Whenever a powerful entity interferes with the market in order to gain it's own end, exclusive of all others - whether that end is socialistic or capitalistic, whether the ideals be purely altruistic or pure greed, the results are much the same. Competition is squeezed out, and once the market has been served by those who understand the rules of the game, why, only they can play and they become the rules comittee.

The energy market is not like the diamond trade, where it matters little in any ultimate sense if diamonds are really worth what they cost. Nobody "needs" an investment-grade diamond.

But you do need to be able to access energy at a fair price. It' s not just a personal priority - it's a major economic factor, one so critical to our nation's survival that it must be considered a national security issue if that term is to have any real meaning at all.

It is simply not permissible for corporations to be involved in creating artificial shortages in order to boost their profits, nor is collusion with government to fix prices and determine energy policy allowable. What Enron did was evil; theft and extortion on a vast scale, crippling and beggaring an entire state.

Free markets can only work if there is an assurance that those who refuse to play by the rules of the market are punished, and furthermore, that the market is well-policed so that the economic equivalent of pickpockets and armed robbers are discouraged to the greatest possible degree.

That is what a free market is. "Freedom" is not merely freedom from oppressive taxation or burdonsome regulation. It is also a markete where fraud and graft are not the defining characteristics - for these factors bring extra costs and inflate prices just the same.

These things are "the price of doing business," as if they were the same sort of thing as labor cost, or materials or admistrative overhead. But really, they are taxes. It may vary who it is that you pay it to, but the important thing is that neither you nor your customers gain any direct advantage. In the case of legitimate taxes, there are of course indirect benifits. But in the eventuality that you are in effect paying taxes to a larger competetor in order to continue to exist; there is no such reward.

It's wise to consider all such imposed costs to be the same; any price you must pay in order to do buisiness, either the business of making a living, or simply the business of living can be considered a "tax."

The only ones who get a square deal in the energy marketplace today are those with a great number of guns - and the soldiers to use them. Consider how many energy firms have stakes in private security firms!

But there are alternatives. Our current energy system is terribly wasteful and there is both money and security to be gained in raising efficiencies and turning "pollutants" into profit centers. "Greenhouse Gases" are bad for global warming - but that's because they belong in greenhouses, reducing the cost of fuel, food and transportation as a net result of an entirely new industry, one without the high overheads imposed by the corruption of the petrochemical bedfellowships.

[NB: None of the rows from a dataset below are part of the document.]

(* If $(n,x,y)\in\mathbb Z^3$ satisfies $n\ge 3$, $\max\{|x|,|y|\}\ge 2$ and $\Phi_n(x,y)<7^{\varphi(n)/2}$, then $\max\{|x|,|y|\}=2$.
   Context: For $n\ge 1$, $\phi_n(X)\in\mathbb Z[X]$ denotes the $n$-th cyclotomic polynomial (degree $\varphi(n)$, $\varphi$ Euler's totient function), and the cyclotomic binary form is $\Phi_n(X,Y)=Y^{\varphi(n)}\phi_n(X/Y)$. *)

theory Defs
  imports Complex_Main "HOL-Computational_Algebra.Polynomial" "HOL-Number_Theory.Totient"
begin

definition cyclotomic_poly :: "nat \<Rightarrow> complex poly" where
  "cyclotomic_poly n =
     (\<Prod>k\<in>{k. 1 \<le> k \<and> k \<le> n \<and> coprime k n}. [:- cis (2 * pi * real k / real n), 1:])"

definition cyclotomic_form :: "nat \<Rightarrow> complex \<Rightarrow> complex \<Rightarrow> complex" where
  "cyclotomic_form n x y =
     (\<Sum>i\<le>totient n. coeff (cyclotomic_poly n) i * x ^ i * y ^ (totient n - i))"

end

theory Submission
  imports Defs "HOL-Number_Theory.Prime_Powers" "HOL-Analysis.Convex"
begin

text \<open>
  Pairing each primitive n-th root of unity z with its conjugate writes Phi_n(a, b), for real a
  and b, as a product of totient(n)/2 factors |a - z b|^2. With e the sign of a b, each factor equals
  (a - e b)^2 + |a b| |e - z|^2, so by weighted AM-GM the product is at least
  (a^2 - |a b| + b^2)^(totient(n)/2) times a nonnegative power of |Phi_n(e)|. That power is at
  least 1: Moebius inversion of the factorisation of X^n - 1 into the Phi_d, d dividing n, gives
  ln |Phi_n(1)| = Lambda(n) and ln |Phi_n(-1)| = Lambda(n/2) or 0. Finally a^2 - |a b| + b^2 >= 7
  for integers with max |a| |b| >= 3.
\<close>

definition unity_root :: "nat \<Rightarrow> nat \<Rightarrow> complex" where
  "unity_root n k = cis (2 * pi * real k / real n)"

lemma unity_root_self: "n > 0 \<Longrightarrow> unity_root n n = 1"
  by (simp add: unity_root_def complex_eq_iff)

lemma unity_root_power_self: "n > 0 \<Longrightarrow> unity_root n k ^ n = 1"
proof -
  assume "n > 0"
  then have "unity_root n k ^ n = cis (2 * pi) ^ k"
    by (simp add: unity_root_def DeMoivre mult_ac)
  also have "cis (2 * pi) = 1" by (simp add: complex_eq_iff)
  finally show ?thesis by simp
qed

lemma unity_root_mult_cancel: "g > 0 \<Longrightarrow> unity_root (d * g) (k * g) = unity_root d k"
  by (simp add: unity_root_def mult_ac)

lemma unity_root_0: "unity_root n 0 = 1"
  by (simp add: unity_root_def)

lemma unity_root_double: "m > 0 \<Longrightarrow> unity_root (2 * m) m = -1"
  by (simp add: unity_root_def complex_eq_iff)

lemma unity_root_reflect: "k \<le> n \<Longrightarrow> unity_root n (n - k) = cnj (unity_root n k)"
proof (cases "n = 0")
  case False
  assume "k \<le> n"
  with False have "2 * pi * real (n - k) / real n = 2 * pi - 2 * pi * real k / real n"
    by (simp add: of_nat_diff field_simps)
  then show ?thesis
    by (simp add: unity_root_def cis_cnj complex_eq_iff cos_diff sin_diff)
qed (simp add: unity_root_def)

lemma inj_on_unity_root: "n > 0 \<Longrightarrow> inj_on (unity_root n) {..<n}"
  using bij_betw_roots_unity unfolding unity_root_def bij_betw_def by blast

lemma unity_root_neq_1: "0 < k \<Longrightarrow> k < n \<Longrightarrow> unity_root n k \<noteq> 1"
  using inj_onD[OF inj_on_unity_root, of n k 0] by (auto simp: unity_root_0)

lemma unity_root_eq_minus_1_iff:
  assumes "0 < k" "k < n"
  shows "unity_root n k = -1 \<longleftrightarrow> n = 2 * k"
proof
  assume minus_1: "unity_root n k = -1"
  have "even n"
  proof (rule ccontr)
    assume "odd n"
    then have "unity_root n k ^ n = -1" by (simp add: minus_1)
    with unity_root_power_self[of n k] assms show False by simp
  qed
  then obtain m where m: "n = 2 * m" by blast
  with assms have "unity_root n m = -1"
    using unity_root_double[of m] by simp
  then have "unity_root n k = unity_root n m"
    by (simp add: minus_1)
  with assms m have "k = m"
    by (intro inj_onD[OF inj_on_unity_root]) auto
  with m show "n = 2 * k" by simp
qed (use assms unity_root_double in auto)

lemma cyclotomic_poly_altdef:
  "cyclotomic_poly n = (\<Prod>k\<in>totatives n. [:- unity_root n k, 1:])"
proof -
  have "{k. 1 \<le> k \<and> k \<le> n \<and> coprime k n} = totatives n"
    by (auto simp: totatives_def)
  then show ?thesis by (simp add: cyclotomic_poly_def unity_root_def)
qed

lemma poly_cyclotomic_poly:
  "poly (cyclotomic_poly n) z = (\<Prod>k\<in>totatives n. z - unity_root n k)"
  by (simp add: cyclotomic_poly_altdef poly_prod)

lemma homogenize_prod_linear_factors:
  fixes a :: "'i \<Rightarrow> 'a :: field"
  assumes "finite I"
  shows "(\<Sum>i\<le>card I. coeff (\<Prod>j\<in>I. [:- a j, 1:]) i * x ^ i * y ^ (card I - i))
         = (\<Prod>j\<in>I. x - a j * y)"
proof -
  define p where "p = (\<Prod>j\<in>I. [:- a j, 1:])"
  have deg: "degree p = card I"
    unfolding p_def using assms by (subst degree_prod_eq_sum_degree) auto
  have lead: "lead_coeff p = 1"
    unfolding p_def by (simp add: lead_coeff_prod)
  show ?thesis
  proof (cases "y = 0")
    case True
    then have "(\<Sum>i\<le>card I. coeff p i * x ^ i * y ^ (card I - i)) = lead_coeff p * x ^ card I"
      by (subst sum.remove[of _ "card I"]) (auto simp: deg intro!: sum.neutral)
    with True lead show ?thesis by (simp add: p_def)
  next
    case False
    have "(\<Sum>i\<le>card I. coeff p i * x ^ i * y ^ (card I - i))
        = y ^ card I * (\<Sum>i\<le>card I. coeff p i * (x / y) ^ i)"
      using False by (auto simp: sum_distrib_left power_divide power_diff field_simps
                           intro!: sum.cong)
    also have "\<dots> = y ^ card I * poly p (x / y)"
      by (simp add: poly_altdef deg)
    also have "\<dots> = (\<Prod>j\<in>I. y * (x / y - a j))"
      by (simp add: p_def poly_prod prod.distrib)
    also have "\<dots> = (\<Prod>j\<in>I. x - a j * y)"
      using False by (intro prod.cong refl) (simp add: field_simps)
    finally show ?thesis by (simp add: p_def)
  qed
qed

When greed, corruption and uncertain, politically-influenced supply-chain issues threaten the petrochemical-based energy chain, it makes sense to start looking seriously at viable alternatives. Biofuels, for instance, have become increasingly attractive, especially when they can be generated with the aid of increasingly regulated CO2 emissions. What was a pure loss becomes pure profit by means of a deeply elegant solution.

Consider putting your Green where it will grow and prosper. And consider how ultimately, consumers bypass markets that have become corrupted.

It amuses me how much of this technology started out in hydroponic "grow houses" that emerged as a reaction to "the war on drugs" making it difficult and dangerous to simply let marijuana grow naturally.

Free markets, supply and demand, and of course, an environment that discourages large groups dominating the industry served us well.

But then, our vices tend to drive demand and innovation far more than any virtue.